If after the first stage the trial is not stopped for lack of efficacy, we proceed into the second stage. After the second stage, we calculate the second stage p-value based upon the disjoint sample of the second stage only. The final analysis is conducted by combining the two p-values into a single test statistic using a predefined combination function. Note that this combination rule cannot be chosen in a data-dependent way after the first stage, it must be laid down a priori in the planning phase.
This formulation in terms of combination of p-values provides an enormous generality with regard to hypotheses and statistical models. The adaptive combination test controls the familywise Type I error in the strong sense (i.e., the probability that one treatment is erroneously declared superior to the control) under all types of adaptations which preserve the simple properties of the distribution of the stage-wise p-values under the overall no effect hypothesis. It is important to note that if the treatment continuation criterion used during the trial differs from that which was planned, then this may have an impact on the power, but will not affect the Type I error rate.

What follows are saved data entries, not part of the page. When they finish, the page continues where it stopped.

(* Let $\mathcal{L}$ be a finite algebraic language, $\mathcal{V}$ an equational class of $\mathcal{L}$-algebras, $\Sigma$ a finite set of $\mathcal{L}$-identities and $X\supseteq\mathrm{Var}(\Sigma)$ a finite set of variables. Consider the condition $(\star)$: whenever $\Sigma\Rightarrow\Delta$ is $\mathcal{V}$-admissible with $\mathrm{Var}(\Delta)\subseteq X$, there exists $\varphi\approx\psi\in\Delta$ such that $\Sigma\Rightarrow\{\varphi\approx\psi\}$ is $\mathcal{V}$-admissible. If $\mathrm{type}(\mathsf{E}_{\mathcal{V}}(\Sigma,X))=1$, then $\Sigma$ satisfies $(\star)$. Conversely, if $\mathrm{type}(\mathsf{E}_{\mathcal{V}}(\Sigma,X))\in\{1,\omega\}$ and $\Sigma$ satisfies $(\star)$, then $\mathrm{type}(\mathsf{E}_{\mathcal{V}}(\Sigma,X))=1$.
   Context: $\mathbf{Fm}_{\mathcal{L}}(Y)$ is the formula algebra over variables $Y$ ($\omega$ = all variables); $\mathrm{Var}(\Gamma)$ is the set of variables occurring in $\Gamma$; substitutions are homomorphisms of formula algebras. A clause $\Sigma\Rightarrow\Delta$ is a pair of finite sets of identities; a substitution $\sigma\colon\mathbf{Fm}_{\mathcal{L}}(X)\to\mathbf{Fm}_{\mathcal{L}}(\omega)$ is a $\mathcal{V}$-unifier of $\Gamma$ (with $\mathrm{Var}(\Gamma)\subseteq X$) if $\mathcal{V}\models\sigma(\varphi)\approx\sigma(\psi)$ for all $\varphi\approx\psi\in\Gamma$; $\Sigma\Rightarrow\Delta$ is $\mathcal{V}$-admissible if every substitution $\sigma\colon\mathbf{Fm}_{\mathcal{L}}(\mathrm{Var}(\Sigma\cup\Delta))\to\mathbf{Fm}_{\mathcal{L}}(\omega)$ that $\mathcal{V}$-unifies $\Sigma$ also $\mathcal{V}$-unifies some member of $\Delta$. $h_{\mathcal{V}}$ is the canonical homomorphism from $\mathbf{Fm}_{\mathcal{L}}(Y)$ onto the free algebra $\mathbf{F}_{\mathcal{V}}(Y)$. For substitutions over $X$, $\sigma_2\sqsubseteq_{\mathcal{V}}\sigma_1$ iff $\ker(h_{\mathcal{V}}\circ\sigma_1)\subseteq\ker(h_{\mathcal{V}}\circ\sigma_2)$; $\mathsf{E}_{\mathcal{V}}(\Sigma,X)$ is the set of $\mathcal{V}$-unifiers of $\Sigma$ over $X$ preordered by $\sqsubseteq_{\mathcal{V}}$. Types of a preordered set $(P,\le)$: a complete set is $M\subseteq P$ with every $x\in P$ below some $y\in M$; a $\mu$-set is a complete set whose distinct elements are pairwise incomparable; all $\mu$-sets have the same cardinality. The type is $0$ (nullary) if there is no $\mu$-set, $\infty$ (infinitary) if there is an infinite $\mu$-set, $\omega$ (finitary) if there is a finite $\mu$-set of cardinality $>1$, and $1$ (unitary) if there is a $\mu$-set of cardinality $1$; types are ordered $1<\omega<\infty<0$. (Type is considered for nonempty preordered sets.) *)

theory Defs
  imports Main
begin

text \<open>A language is a set F of operation symbols with an arity function ar.
Variables are natural numbers (omega = all variables).\<close>

datatype ('f, 'v) trm = Var 'v | Fun 'f "('f, 'v) trm list"

type_synonym 'f fm = "('f, nat) trm"
type_synonym 'f ident = "'f fm \<times> 'f fm"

Recently, Kelly et al. (2005) developed a very flexible design that uses adaptive group sequential methodology to monitor the largest efficient score statistic over multiple stages of a trial. The design allows the trial to begin with any number of treatments, to have any number of stages, and permits any number of treatments to continue at any stage.
2.2.4Bayesian model-based designs
Inoue et al. (2002) envisage a Phase II trial in which a single treatment is compared with a control based on both survival time and short-term events that may be related to survival through a parametric mixture model. The main comparison is based on the survival endpoint, and the utility of short-term events must be demonstrated by the results actually observed in the trial. Initially, patients are enrolled only in one main center and are randomized between treatment and control throughout. Interim decisions of whether to stop early, continue Phase II, or proceed to confirmatory Phase III are made repeatedly during a time interval, and are based on predictive probabilities of concluding superiority of the new treatment. If the data suggest that the new treatment may have a positive impact on the short-term events and that this impact translates into a survival benefit, then the trial is seamlessly expanded to include other centers, increasing the accrual rate.